Павел тяжело дышал. Он не произвольно тихо шепнул:
- Не верь, не бойся, не проси…
Иоиль задумался. Павел открыл глаза - попытался рассмотреть в полумраке выражение лица богослова. Но тот, отвернулся. Молчал минуту, тихо и печально сказал:
- Так мог ответить только дьявол. Или человек с ним соприкоснувшийся. Не верить и не просить – две основные заповеди дьявола. И не бояться. Тоже, в какой то вере. Он призывает тебя ни во что, не верить. Не просить у Господа милости. И не бояться его наказания. Тюрьма это лишь репетиция ада. И нередко человек попадая сюда, думает, что хуже быть ничего не может. Я, тебя огорчу. Может! Может и хуже! И не важно, что здесь невыносимо физически. Это полбеды. Важно, что здесь очень трудно морально. Важно здесь не потерять себя морально. Физически, все можно стерпеть. А вот морально… очень, трудно. Очень трудно - укротить душу. Ты веришь, что у тебя есть душа?

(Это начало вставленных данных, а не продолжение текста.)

theorem corollary5:
  fixes n k t :: nat and u :: "nat \<Rightarrow> 'a::{field,finite}" and F :: "nat \<Rightarrow> nat set set"
    and f :: "nat \<Rightarrow> 'a \<Rightarrow> bool"
  assumes char2: "(1::'a) + 1 = 0"
    and card: "CARD('a) = 2 ^ n"
    and nk: "n = 2 * k"
    and distinct: "inj_on u {..<k}"
    and prod: "\<forall>i j. i < j \<and> j < k \<longrightarrow>
                  u i * u j ^ (2 ^ k) \<in> subfield k \<and> u i * u j ^ (2 ^ k) \<noteq> 0"
    and tpos: "0 < t"
    and red: "\<forall>i<t. reduced_poly k (F i)"
    and fdef: "\<forall>i x. f i x = eval_rpoly (F i) (\<lambda>j. trb n (u j * x))"
  shows "H_vplateaued n k t f \<longleftrightarrow> vplateaued n t f"
proof -
  interpret char2_quadratic_field n k "TYPE('a)"
    by unfold_locales (fact char2 card nk)+
  obtain w c where w: "w \<noteq> 0" and c: "\<forall>j<k. c j \<in> K \<and> u j = c j * w"
    using K_multiples_of_common_element[OF prod] by blast
  define g where "g i s = eval_rpoly (F i) (\<lambda>j. trb k (c j * s))" for i s
  have "f i x = g i (Tr_rel (w * x))" if "i < t" for i x
    unfolding fdef[rule_format] g_def
    by (rule eval_rpoly_cong) (use red that c trb_K_multiple in \<open>fastforce simp: reduced_poly_def\<close>)
  then have "vdot t v f x = vdot t v g (Tr_rel (w * x))" for v x
    by (simp add: vdot_cong)
  then have "H_component k t f u' v = (\<lambda>x. trb k (u' * Norm_rel x) \<noteq> vdot t v g (Tr_rel (w * x)))"
    for u' v
    by (simp add: fun_eq_iff H_component_def Norm_rel_def)
  then have "plateaued n (H_component k t f u' v)" if "u' \<in> K" and "u' \<noteq> 0" for u' v
    by (simp only:) (intro plateaued_if_bent[OF nk] allI walsh_Norm_rel_plus_fun_of_Tr_rel_mult[OF that w])
  moreover have "H_component k t f 0 v = vdot t v f" for v
    by (simp add: H_component_def trb_def Tr_zero fun_eq_iff)
  ultimately show ?thesis
    unfolding H_vplateaued_def vplateaued_def using zero_in_K by metis
qed

end
lemma liftE_dirac_iff: "liftE (dirac M) m \<longleftrightarrow> (normal M \<and> m = dirac M) \<or> redE M m"
proof
  assume "liftE (dirac M) m"
  then show "(normal M \<and> m = dirac M) \<or> redE M m"
  proof (induction "dirac M" m rule: liftE.induct)
    case (L_sum F)
    then have "size F = 1" by (metis dirac_def size_image_mset size_single)
    then obtain p N t where "F = {#(p, N, t)#}"
      by (metis prod_cases3 size_1_singleton_mset)
    with L_sum show ?case by (auto simp: dirac_def)
  qed (auto simp: dirac_def)
qed (auto intro: liftE.intros)

lemma liftE_exists: "\<exists>n. liftE m n"
proof (induction m)
  case empty
  then show ?case using liftE_empty_iff by blast
next
  case (add x m)
  obtain p M where "x = (p, M)" by fastforce
  moreover obtain t where "liftE (dirac M) t"
    using liftE_dirac_iff redE_exists by blast
  ultimately show ?case using add liftE_add_mset_iff by blast
qed

definition nowhere_normal :: "mdist \<Rightarrow> bool" where
  "nowhere_normal m \<longleftrightarrow> (\<forall>x \<in># m. \<not> normal (snd x))"

definition strictly_joinable :: "mdist \<Rightarrow> mdist \<Rightarrow> bool" where
  "strictly_joinable a b \<longleftrightarrow> nowhere_normal a \<and> nowhere_normal b \<and> (\<exists>s. liftE a s \<and> liftE b s)"

lemma nowhere_normal_simps [simp]:
  "nowhere_normal (dirac M) \<longleftrightarrow> \<not> normal M"
  "nowhere_normal {#(p, L), (q, R)#} \<longleftrightarrow> \<not> normal L \<and> \<not> normal R"
  by (auto simp: nowhere_normal_def dirac_def)

lemma strictly_joinable_sym: "strictly_joinable a b \<Longrightarrow> strictly_joinable b a"
  unfolding strictly_joinable_def by blast

lemma sred_imp_redE: "sred M m \<Longrightarrow> redE M m"
  using redE.E_surf surface_normal_def by blast

lemma liftE_half_half:
  "liftE (dirac L) x \<Longrightarrow> liftE (dirac R) y \<Longrightarrow>
    liftE {#(1/2, L), (1/2, R)#} (scale (1/2) x + scale (1/2) y)"
proof -
  assume "liftE (dirac L) x" "liftE (dirac R) y"
  then have "liftE (add_mset (1/2, L) (add_mset (1/2, R) {#})) (scale (1/2) x + (scale (1/2) y + {#}))"
    unfolding liftE_add_mset_iff liftE_empty_iff by blast
  then show ?thesis by simp
qed

lemma choice_redex_imp_sred: "choice_redex M L R \<Longrightarrow> sred M {#(1/2, L), (1/2, R)#}"
  by (auto simp: sred_def red_oplus_def)

lemma wbeta_imp_sred: "wbeta M N \<Longrightarrow> sred M (dirac N)"
  by (auto simp: sred_def)

lemma common_redE_strictly_joinable:
  "redE M1 s \<Longrightarrow> redE M2 s \<Longrightarrow> strictly_joinable (dirac M1) (dirac M2)"
  unfolding strictly_joinable_def using liftE.L_step redE_not_normal by auto

lemma wbeta_choice_strictly_joinable:
  assumes "wbeta M M1" and "choice_redex M L R"
  shows "strictly_joinable (dirac M1) {#(1/2, L), (1/2, R)#}"
proof -
  obtain L' R' where steps: "wbeta L L'" "wbeta R R'" and cr: "choice_redex M1 L' R'"
    using wbeta_choice_redex_commute[OF assms] by blast
  have "liftE (dirac M1) {#(1/2, L'), (1/2, R')#}"
    using cr by (intro liftE.L_step sred_imp_redE choice_redex_imp_sred)
  moreover have "liftE {#(1/2, L), (1/2, R)#} {#(1/2, L'), (1/2, R')#}"
    using liftE_half_half[of L "dirac L'" R "dirac R'"] steps
    by (simp add: liftE.L_step sred_imp_redE wbeta_imp_sred add_mset_commute)
  ultimately show ?thesis
    using cr steps unfolding strictly_joinable_def
    by (auto dest!: choice_redex_imp_sred wbeta_imp_sred dest: sred_not_normal)
qed

lemma choice_choice_strictly_joinable:
  assumes "choice_redex M L1 R1" and "choice_redex M L2 R2"
  shows "(L1 = L2 \<and> R1 = R2) \<or> strictly_joinable {#(1/2, L1), (1/2, R1)#} {#(1/2, L2), (1/2, R2)#}"
  using choice_redex_diamond[OF assms]
proof (elim disjE exE conjE)
  fix A B C D
  assume cr: "choice_redex L1 A B" "choice_redex R1 C D" "choice_redex L2 A C" "choice_redex R2 B D"
  have "liftE {#(1/2, L1), (1/2, R1)#}
      (scale (1/2) {#(1/2, A), (1/2, B)#} + scale (1/2) {#(1/2, C), (1/2, D)#})"
    by (intro liftE_half_half liftE.L_step sred_imp_redE choice_redex_imp_sred cr)
  moreover have "liftE {#(1/2, L2), (1/2, R2)#}
      (scale (1/2) {#(1/2, A), (1/2, C)#} + scale (1/2) {#(1/2, B), (1/2, D)#})"
    by (intro liftE_half_half liftE.L_step sred_imp_redE choice_redex_imp_sred cr)
  moreover have "scale (1/2) {#(1/2, A), (1/2, C)#} + scale (1/2) {#(1/2, B), (1/2, D)#}
      = scale (1/2) {#(1/2, A), (1/2, B)#} + scale (1/2) {#(1/2, C), (1/2, D)#}"
    by (simp add: add_mset_commute)
  ultimately have "\<exists>s. liftE {#(1/2, L1), (1/2, R1)#} s \<and> liftE {#(1/2, L2), (1/2, R2)#} s"
    by metis
  then show ?thesis
    using cr unfolding strictly_joinable_def
    by (auto dest!: choice_redex_imp_sred dest: sred_not_normal)
qed simp
(* Let $(b,c)$ be a connected canonically compactifiable weighted graph over $X$. If $f\in\mathcal A$ satisfies $\mathcal L f=0$ on $X$, then $\|f\|_\infty=\|\hat f|_{\partial X}\|_\infty$.
   Context: Let $X$ be a countably infinite set. A weighted graph $(b,c)$ over $X$ consists of a symmetric $b:X\times X\to[0,\infty)$ with $b(x,x)=0$ and $\sum_{y}b(x,y)<\infty$ for all $x$, and $c:X\to[0,\infty)$; connected means any two distinct vertices are joined by a finite path of pairwise distinct vertices with consecutive ones satisfying $b>0$. The formal Laplacian acts on bounded $f$ by $\mathcal Lf(x)=\sum_y b(x,y)(f(x)-f(y))+c(x)f(x)$. Let $\widetilde Q(f)=\frac12\sum_{x,y}b(x,y)|f(x)-f(y)|^2+\sum_x c(x)|f(x)|^2$ and $\widetilde D=\{f:\widetilde Q(f)<\infty\}$; the graph is canonically compactifiable if $\widetilde D\subseteq\ell^\infty(X)$. Then $\mathcal A$ is the sup-norm closure of $\widetilde D$ in $\ell^\infty(X)$, $\mathcal A^+$ the smallest $C^*$-subalgebra of $\ell^\infty(X)$ containing $\mathcal A$ and $1$, $K$ the set of characters (nonzero multiplicative linear functionals) of $\mathcal A^+$ with the weak-$*$ topology, $\hat g(\gamma)=\gamma(g)$ for $g\in\mathcal A^+$, $\gamma\in K$. Via $x\mapsto\delta_x$ ($\delta_x(f)=f(x)$) we view $X\subseteq K$ and set $\partial X=K\setminus X$. *)

theory Defs
  imports "HOL-Analysis.Analysis"
begin

definition weighted_graph :: "('x \<Rightarrow> 'x \<Rightarrow> real) \<Rightarrow> ('x \<Rightarrow> real) \<Rightarrow> bool" where
  "weighted_graph b c \<longleftrightarrow>
     (\<forall>x y. b x y \<ge> 0) \<and> (\<forall>x y. b x y = b y x) \<and> (\<forall>x. b x x = 0) \<and>
     (\<forall>x. (b x) summable_on UNIV) \<and> (\<forall>x. c x \<ge> 0)"

definition graph_connected :: "('x \<Rightarrow> 'x \<Rightarrow> real) \<Rightarrow> bool" where
  "graph_connected b \<longleftrightarrow>
     (\<forall>x y. x \<noteq> y \<longrightarrow> (\<exists>ps. distinct ps \<and> length ps \<ge> 2 \<and> hd ps = x \<and> last ps = y \<and>
        (\<forall>i. Suc i < length ps \<longrightarrow> b (ps ! i) (ps ! Suc i) > 0)))"

text \<open>Functions of finite energy: the energy
  Q(f) = 1/2 sum b(x,y)|f x - f y|^2 + sum c(x)|f x|^2 (nonnegative terms) is finite.\<close>
definition Dtilde :: "('x \<Rightarrow> 'x \<Rightarrow> real) \<Rightarrow> ('x \<Rightarrow> real) \<Rightarrow> ('x \<Rightarrow> complex) set" where
  "Dtilde b c = {f. (\<lambda>(x,y). b x y * (cmod (f x - f y))\<^sup>2) summable_on UNIV \<and>
                    (\<lambda>x. c x * (cmod (f x))\<^sup>2) summable_on UNIV}"

definition ell_inf :: "('x \<Rightarrow> complex) set" where
  "ell_inf = {f. bounded (range f)}"

definition sup_norm :: "('x \<Rightarrow> complex) \<Rightarrow> real" where
  "sup_norm f = (SUP x. cmod (f x))"

definition canonically_compactifiable :: "('x \<Rightarrow> 'x \<Rightarrow> real) \<Rightarrow> ('x \<Rightarrow> real) \<Rightarrow> bool" where
  "canonically_compactifiable b c \<longleftrightarrow> Dtilde b c \<subseteq> ell_inf"

definition sup_closure :: "('x \<Rightarrow> complex) set \<Rightarrow> ('x \<Rightarrow> complex) set" where
  "sup_closure S = {f \<in> ell_inf. \<forall>e>0. \<exists>g\<in>S. \<forall>x. cmod (f x - g x) < e}"

definition algA :: "('x \<Rightarrow> 'x \<Rightarrow> real) \<Rightarrow> ('x \<Rightarrow> real) \<Rightarrow> ('x \<Rightarrow> complex) set" where
  "algA b c = sup_closure (Dtilde b c)"

definition unital_cstar_subalg :: "('x \<Rightarrow> complex) set \<Rightarrow> bool" where
  "unital_cstar_subalg S \<longleftrightarrow> S \<subseteq> ell_inf \<and> (\<lambda>_. 1) \<in> S \<and>
     (\<forall>f\<in>S. \<forall>g\<in>S. (\<lambda>x. f x + g x) \<in> S \<and> (\<lambda>x. f x * g x) \<in> S) \<and>
     (\<forall>f\<in>S. \<forall>a::complex. (\<lambda>x. a * f x) \<in> S) \<and>
     (\<forall>f\<in>S. (\<lambda>x. cnj (f x)) \<in> S) \<and>
     sup_closure S \<subseteq> S"

definition algAplus :: "('x \<Rightarrow> 'x \<Rightarrow> real) \<Rightarrow> ('x \<Rightarrow> real) \<Rightarrow> ('x \<Rightarrow> complex) set" where
  "algAplus b c = \<Inter>{S. unital_cstar_subalg S \<and> algA b c \<subseteq> S}"

text \<open>Characters of an algebra S: nonzero multiplicative linear functionals on S,
  represented extensionally (value 0 outside S).\<close>
definition characters :: "('x \<Rightarrow> complex) set \<Rightarrow> (('x \<Rightarrow> complex) \<Rightarrow> complex) set" where
  "characters S = {\<gamma>.
     (\<forall>f\<in>S. \<forall>g\<in>S. \<gamma> (\<lambda>x. f x + g x) = \<gamma> f + \<gamma> g \<and> \<gamma> (\<lambda>x. f x * g x) = \<gamma> f * \<gamma> g) \<and>
     (\<forall>f\<in>S. \<forall>a. \<gamma> (\<lambda>x. a * f x) = a * \<gamma> f) \<and>
     (\<exists>f\<in>S. \<gamma> f \<noteq> 0) \<and>
     (\<forall>f. f \<notin> S \<longrightarrow> \<gamma> f = 0)}"

definition point_eval :: "('x \<Rightarrow> complex) set \<Rightarrow> 'x \<Rightarrow> (('x \<Rightarrow> complex) \<Rightarrow> complex)" where
  "point_eval S x = (\<lambda>f. if f \<in> S then f x else 0)"

definition boundary :: "('x \<Rightarrow> 'x \<Rightarrow> real) \<Rightarrow> ('x \<Rightarrow> real) \<Rightarrow> (('x \<Rightarrow> complex) \<Rightarrow> complex) set" where
  "boundary b c = characters (algAplus b c) - range (point_eval (algAplus b c))"

definition formal_laplacian :: "('x \<Rightarrow> 'x \<Rightarrow> real) \<Rightarrow> ('x \<Rightarrow> real) \<Rightarrow> ('x \<Rightarrow> complex) \<Rightarrow> 'x \<Rightarrow> complex" where
  "formal_laplacian b c f x = (\<Sum>\<^sub>\<infinity>y. complex_of_real (b x y) * (f x - f y)) + complex_of_real (c x) * f x"

end

theory Submission
  imports Defs
begin

text \<open>Every character of \<open>\<A>\<^sup>+\<close> is bounded by the sup norm, which gives \<open>\<le>\<close>. For \<open>\<ge>\<close>: by the
  maximum principle on the connected graph, \<open>\<bar>f\<bar>\<close> does not attain \<open>\<parallel>f\<parallel>\<^sub>\<infinity>\<close> unless \<open>f\<close> is constant,
  so \<open>\<bar>f\<bar>\<close> comes arbitrarily close to \<open>\<parallel>f\<parallel>\<^sub>\<infinity>\<close> on infinitely many vertices. A cluster point of the
  point evaluations along the filter "\<open>x \<rightarrow> \<infinity>\<close> and \<open>\<bar>f x\<bar> \<rightarrow> \<parallel>f\<parallel>\<^sub>\<infinity>\<close>" is a character that
  vanishes on finitely supported functions, hence lies in \<open>\<partial>X\<close>, and has \<open>\<bar>\<gamma> f\<bar> = \<parallel>f\<parallel>\<^sub>\<infinity>\<close>.\<close>

lemma ell_inf_iff: "f \<in> ell_inf \<longleftrightarrow> (\<exists>B. \<forall>x. cmod (f x) \<le> B)"
  unfolding ell_inf_def bounded_iff by auto
(* Let $A\in\mathbb{R}^{n\times n}$ be symmetric positive definite with eigenvalues $0<\lambda_1\le\cdots\le\lambda_n$ and a corresponding orthonormal basis of eigenvectors $v_1,\dots,v_n$, let $c\in\mathbb{R}^n$, and consider the Barzilai--Borwein (BB) method applied to $\min_{x\in\mathbb{R}^n} f(x)=\frac12 x^\top Ax-c^\top x$, started from an arbitrary $x_0\in\mathbb{R}^n$. Let $g_k=Ax_k-c$ and write $g_k=\sum_{i=1}^n d_k^i v_i$. Then $$\left|d_{k+1}^i\right|\le \left|d_k^i\right|\cdot\max\left\{\frac{\lambda_i}{\lambda_1}-1,\ 1-\frac{\lambda_i}{\lambda_n}\right\}\quad\text{for all } k\ge 1,\ 1\le i\le n.$$ Moreover, if for some $k\ge 1$ and some index $i$ one of the following conditions holds: (1) $d_{k-1}^i$ is in the shrinking mode, i.e. $\sum_{j=1}^n(\lambda_j-\lambda_i)(d_{k-1}^j)^2\ge 0$; (2) $d_{k-1}^i$ is in the fluctuation mode, i.e. $\sum_{j=1}^n(\lambda_j-\lambda_i)(d_{k-1}^j)^2<0$, and $(d_{k-1}^i)^2\ge\sum_{j=1}^{i-1}(d_{k-1}^j)^2$; then $$\left|d_{k+1}^i\right|\le\left(1-\frac{1}{\kappa}\right)\left|d_k^i\right|,$$ where $\kappa=\lambda_n/\lambda_1$ is the condition number of $A$.
   Context: The BB method for this problem: $x_1=x_0-\alpha_0 g_0$ with the exact line-search (steepest descent) step $\alpha_0=\frac{g_0^\top g_0}{g_0^\top A g_0}$, and for $k\ge1$, $x_{k+1}=x_k-\alpha_k g_k$ with $\alpha_k=\frac{s_{k-1}^\top s_{k-1}}{s_{k-1}^\top y_{k-1}}$, $s_{k-1}=x_k-x_{k-1}$, $y_{k-1}=g_k-g_{k-1}$; for this quadratic this equals $\alpha_k=\frac{g_{k-1}^\top g_{k-1}}{g_{k-1}^\top A g_{k-1}}$. Equivalently, the coefficients satisfy $d_1^i=d_0^i\cdot\frac{\sum_{j}(\lambda_j-\lambda_i)(d_0^j)^2}{\sum_j\lambda_j(d_0^j)^2}$ and $d_{k+1}^i=d_k^i\cdot\frac{\sum_{j}(\lambda_j-\lambda_i)(d_{k-1}^j)^2}{\sum_j\lambda_j(d_{k-1}^j)^2}$ for $k\ge1$. Convention: if some gradient vanishes, the method has reached the minimizer and all subsequent gradients (coefficients) are taken to be zero. *)

theory Defs
  imports "HOL-Analysis.Analysis"
begin
(* Let $K,N$ be symmetric homogeneous stable means and $M$ a symmetric homogeneous mean, all having symmetric asymptotic expansions with coefficients $(a^K_n),(a^N_n),(a^M_n)$. If $M$ is simultaneously $(K,N)$-stabilizable and $(K,N)$-stabilized, then $a^K_1=a^N_1=a^M_1$, hence $a^K_n=a^N_n$ for all $n\in\mathbb N_0$, and $a^M_2=\frac16a^M_1(1+a^M_1)(1-4a^M_1)$.
   Context: A bi-variate mean is $M:(0,\infty)^2\to(0,\infty)$ with $\min\le M\le\max$; symmetric and homogeneous (degree 1). $M$ is stable if $M(s,t)=M\big(M(s,M(s,t)),M(M(s,t),t)\big)$. For stable $K,N$: $M$ is $(K,N)$-stabilizable if $M(s,t)=K\big(M(s,N(s,t)),M(N(s,t),t)\big)$, and $(K,N)$-stabilized if $M(s,t)=K\big(N(s,M(s,t)),N(M(s,t),t)\big)$, for all $s,t>0$. A mean has a symmetric asymptotic expansion with coefficients $(a_n)$ if for every fixed real $t$ and $N\ge0$, $M(x-t,x+t)=\sum_{n=0}^Na_nt^{2n}x^{-2n+1}+o(x^{-2N+1})$ as $x\to\infty$. *)

theory Defs
  imports "HOL-Analysis.Analysis" "HOL-Library.Landau_Symbols"
begin

text \<open>Bivariate means on (0,inf)^2, represented as real functions of two arguments;
  only their values on positive arguments matter.\<close>

definition is_mean :: "(real \<Rightarrow> real \<Rightarrow> real) \<Rightarrow> bool" where
  "is_mean M \<longleftrightarrow> (\<forall>s>0. \<forall>t>0. min s t \<le> M s t \<and> M s t \<le> max s t)"

definition symmetric_mean :: "(real \<Rightarrow> real \<Rightarrow> real) \<Rightarrow> bool" where
  "symmetric_mean M \<longleftrightarrow> (\<forall>s>0. \<forall>t>0. M s t = M t s)"

definition homogeneous_mean :: "(real \<Rightarrow> real \<Rightarrow> real) \<Rightarrow> bool" where
  "homogeneous_mean M \<longleftrightarrow> (\<forall>l>0. \<forall>s>0. \<forall>t>0. M (l * s) (l * t) = l * M s t)"

definition stable_mean :: "(real \<Rightarrow> real \<Rightarrow> real) \<Rightarrow> bool" where
  "stable_mean M \<longleftrightarrow> (\<forall>s>0. \<forall>t>0. M s t = M (M s (M s t)) (M (M s t) t))"

definition stabilizable :: "(real \<Rightarrow> real \<Rightarrow> real) \<Rightarrow> (real \<Rightarrow> real \<Rightarrow> real) \<Rightarrow> (real \<Rightarrow> real \<Rightarrow> real) \<Rightarrow> bool" where
  "stabilizable K N M \<longleftrightarrow> (\<forall>s>0. \<forall>t>0. M s t = K (M s (N s t)) (M (N s t) t))"

definition stabilized :: "(real \<Rightarrow> real \<Rightarrow> real) \<Rightarrow> (real \<Rightarrow> real \<Rightarrow> real) \<Rightarrow> (real \<Rightarrow> real \<Rightarrow> real) \<Rightarrow> bool" where
  "stabilized K N M \<longleftrightarrow> (\<forall>s>0. \<forall>t>0. M s t = K (N s (M s t)) (N (M s t) t))"

definition sym_asymp_expansion :: "(real \<Rightarrow> real \<Rightarrow> real) \<Rightarrow> (nat \<Rightarrow> real) \<Rightarrow> bool" where
  "sym_asymp_expansion M a \<longleftrightarrow>
     (\<forall>t::real. \<forall>N::nat.
        (\<lambda>x. M (x - t) (x + t) - (\<Sum>n\<le>N. a n * t ^ (2 * n) * x powr (1 - 2 * real n)))
          \<in> o[at_top](\<lambda>x. x powr (1 - 2 * real N)))"

end

theory Submission
  imports Defs "HOL-Computational_Algebra.Polynomial"
begin

text \<open>A homogeneous symmetric mean is determined by its even profile \<open>\<phi>(w) = X(1 - w, 1 + w)\<close>
  through \<open>X(s, t) = (s + t)/2 \<cdot> \<phi>((t - s)/(s + t))\<close>, and a symmetric asymptotic expansion with
  coefficients \<open>a\<^sub>n\<close> is the same as \<open>\<phi>(w) = \<Sum> a\<^sub>n w\<^sup>2\<^sup>n\<close> to every order at \<open>w = 0\<close>.
  Evaluating both functional equations at \<open>(1 - u, 1 + u)\<close> and expanding to order \<open>u\<^sup>4\<close> expresses
  \<open>a\<^sup>M\<^sub>1\<close> and \<open>a\<^sup>M\<^sub>2\<close> in two ways through the coefficients of \<open>K, N, M\<close>; the \<open>u\<^sup>2\<close> terms force
  \<open>a\<^sup>K\<^sub>1 = a\<^sup>N\<^sub>1 = a\<^sup>M\<^sub>1\<close>. Stability propagates this to all coefficients: if those of \<open>K\<close> and \<open>N\<close>
  agree below \<open>n \<ge> 2\<close>, the stability equation gives
  \<open>\<alpha> u\<^sup>2\<^sup>n = (1/2 + 2\<^sup>1\<^sup>-\<^sup>2\<^sup>n) \<alpha> u\<^sup>2\<^sup>n + o(u\<^sup>2\<^sup>n)\<close> for \<open>\<alpha> = a\<^sup>K\<^sub>n - a\<^sup>N\<^sub>n\<close>, so \<open>\<alpha> = 0\<close>.
  With \<open>a\<^sup>K\<^sub>2 = a\<^sup>N\<^sub>2\<close> the two \<open>u\<^sup>4\<close> relations are linear in \<open>a\<^sup>M\<^sub>2\<close> and \<open>a\<^sup>K\<^sub>2\<close>
  and so determine \<open>a\<^sup>M\<^sub>2\<close>.\<close>

section \<open>Asymptotics at 0\<close>

lemma eventually_abs_less_1_at_0: "eventually (\<lambda>u::real. \<bar>u\<bar> < 1) (at 0)"
  unfolding eventually_at by (intro exI[of _ 1]) (auto simp: dist_real_def)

Павел задумался - «Есть ли у меня душа? Как он может? Он? Он говорящий, о каком то Боге? Спрашивать вот так, о душе, тут в тюрьме?»
- Да пошел ты, со своим Богом и душой! Я спать хочу! Отвали! – грубо прошептал богослову.
Но тот, лишь ухмыльнулся в ответ. Павел это почувствовал. Иоиль неожиданно погладил Клюфта по руке:
- Ты сейчас в смятении. Это нужно пройти. Ты, ищешь сам себя. Это трудно. Но это нужно пройти. Так бывает. И не надо обижаться на Бога. Бог не виноват. Бог любит всех. Не надо на него обижаться. Тем более это ничего не даст. И знай – наказания Господня, сын мой не отвергай, и не тяготись обличением его; Ибо кого любит Господь, того наказывает и благоволит к тому, как отец к сыну своему. Блажен человек, который снискал мудрость, и человек, который приобрел разум!
- Да пошел ты! Пошел! Мне твои проповеди до лампочки! До лампочки! Понял! И знай, я тебя покрывать не буду! Так и скажу следователю – кто мне продиктовал тогда цитаты из этой твоей библии! Знай! Я тебя покрывать, не намерен! – Павел пихнул ногой богослова.
Он упал с нар на пол. Медленно поднявшись, лишь тяжело вздохнул, и как будто ничего не случилось, вновь ласково ответил:
- Ярость тоже показатель разума. Но лишь при короткой вспышке. А этот старик, которого ты послушал. Он палач. Он палач, он знает, что такое смерть. Он ее видит часто. Помни это!
Павел замер. Он прислушался. Богослов тихо отошел, куда-то в глубь камеры. Клюфт приподнял голову, что бы посмотреть – куда делся святоша. Но ничего не рассмотрел. Клюфт, даже хотел пихнуть ногой в верхнюю полку, что бы спросить соседа про Иоиля. Но тут, раздался грубый окрик:
- Угдажеков на допрос!
…Клюфт, открыл глаза. Камера озарилась светом. В проеме двери стоял надзиратель. Но это был не старик. Молодой тюремщик. Сбоку, с нар, встал человек. Его смуглое лицо с раскосыми глазами было невозмутимо. Было видно – он ничему не удивляется. Арестант, быстро надел ботинки и подбежал к выходу. В глубине коридора раздался еще один окрик.
- Лицом к стене! Стоять!
И вновь хлопок железной двери. Тишина. Полумрак. Павел приподнял голову. «Это был сон! Иоиль вновь появился во сне! Да и как он тут мог оказаться?!» - подумал с облегчением Клюфт и смахнул со лба холодный пот. В это момент сверху показалась всклоченная голова. Сосед прошептал:
- Суки, пятый раз на допрос за ночь. Сломается хакас. Явно сломается, хотя держится молодцом!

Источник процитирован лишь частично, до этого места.